The way God has chosen to heal the world is the church— that’s what we forget whenever we argue about the Church and Politics. We’re the nard that God has purchased at great cost to himself to lavish Christ upon the dying world. It’s not that grace— what God has done for us in Jesus Christ— makes what we do as Christians incidental or unimportant. It’s that what we do as Christians should be unintelligible— an expensive waste, even— if God has not raised Jesus Christ from the dead.

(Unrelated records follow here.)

lemma trop_hypersurface_halfspace_poly:
  assumes "c \<noteq> 0" and x: "int_vec c \<bullet> x = of_int d"
  shows "x \<in> trop_hypersurface (halfspace_poly c d a b) \<longleftrightarrow> int_vec a \<bullet> x \<le> of_int b"
proof -
  let ?L1 = "(pos_part_vec c + pos_part_vec a, 0 :: real)"
  let ?L2 = "(neg_part_vec c + pos_part_vec a, real_of_int d)"
  let ?L3 = "(pos_part_vec c + neg_part_vec a, real_of_int b)"
  have T: "tropical_polynomial (halfspace_poly c d a b)"
    by (simp add: tropical_polynomial_def halfspace_poly_def)
  have tie: "term_eval ?L1 x = term_eval ?L2 x"
    using x by (simp add: term_eval_def exponent_vec_add inner_add_left inner_int_vec)
  have diff: "term_eval ?L1 x - term_eval ?L3 x = int_vec a \<bullet> x - of_int b"
    by (simp add: term_eval_def exponent_vec_add inner_add_left inner_int_vec)
  have ne: "fst ?L1 \<noteq> fst ?L2" using pos_part_vec_neq_neg_part_vec[OF assms(1)] by simp
  show ?thesis
  proof
    assume "x \<in> trop_hypersurface (halfspace_poly c d a b)"
    show "int_vec a \<bullet> x \<le> of_int b"
    proof (rule ccontr)
      assume "\<not> ?thesis"
      then have "x \<notin> trop_hypersurface (halfspace_poly c d a b)"
        using T tie diff
        by (intro not_mem_trop_hypersurfaceI[of _ ?L3]) (auto simp: tropical_polynomial_def halfspace_poly_def)
      then show False using \<open>x \<in> trop_hypersurface (halfspace_poly c d a b)\<close> by simp
    qed
  next
    assume "int_vec a \<bullet> x \<le> of_int b"
    then show "x \<in> trop_hypersurface (halfspace_poly c d a b)"
      using T tie diff ne by (intro mem_trop_hypersurfaceI[of _ ?L1 ?L2]) (auto simp: halfspace_poly_def)
  qed
qed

Well said and much wisdom in these words.
It does. But the work of the Body takes place through the vocations of the members. And we can't ignore the parallel overarching conversation in our current culture which seeks to silence people and drive them away from civic engagement because it is such a "nasty business" or to frighten then from the new heresy of "Christian nationalism." At a time when more people should feel encouraged to engage in civic life they hear (and perhaps mishear) that this is not how God is working in the world today. But he most certainly is. Wherever we are trying and failing to create truth, beauty, healing, and safety - and failing - God's left handed power is evident.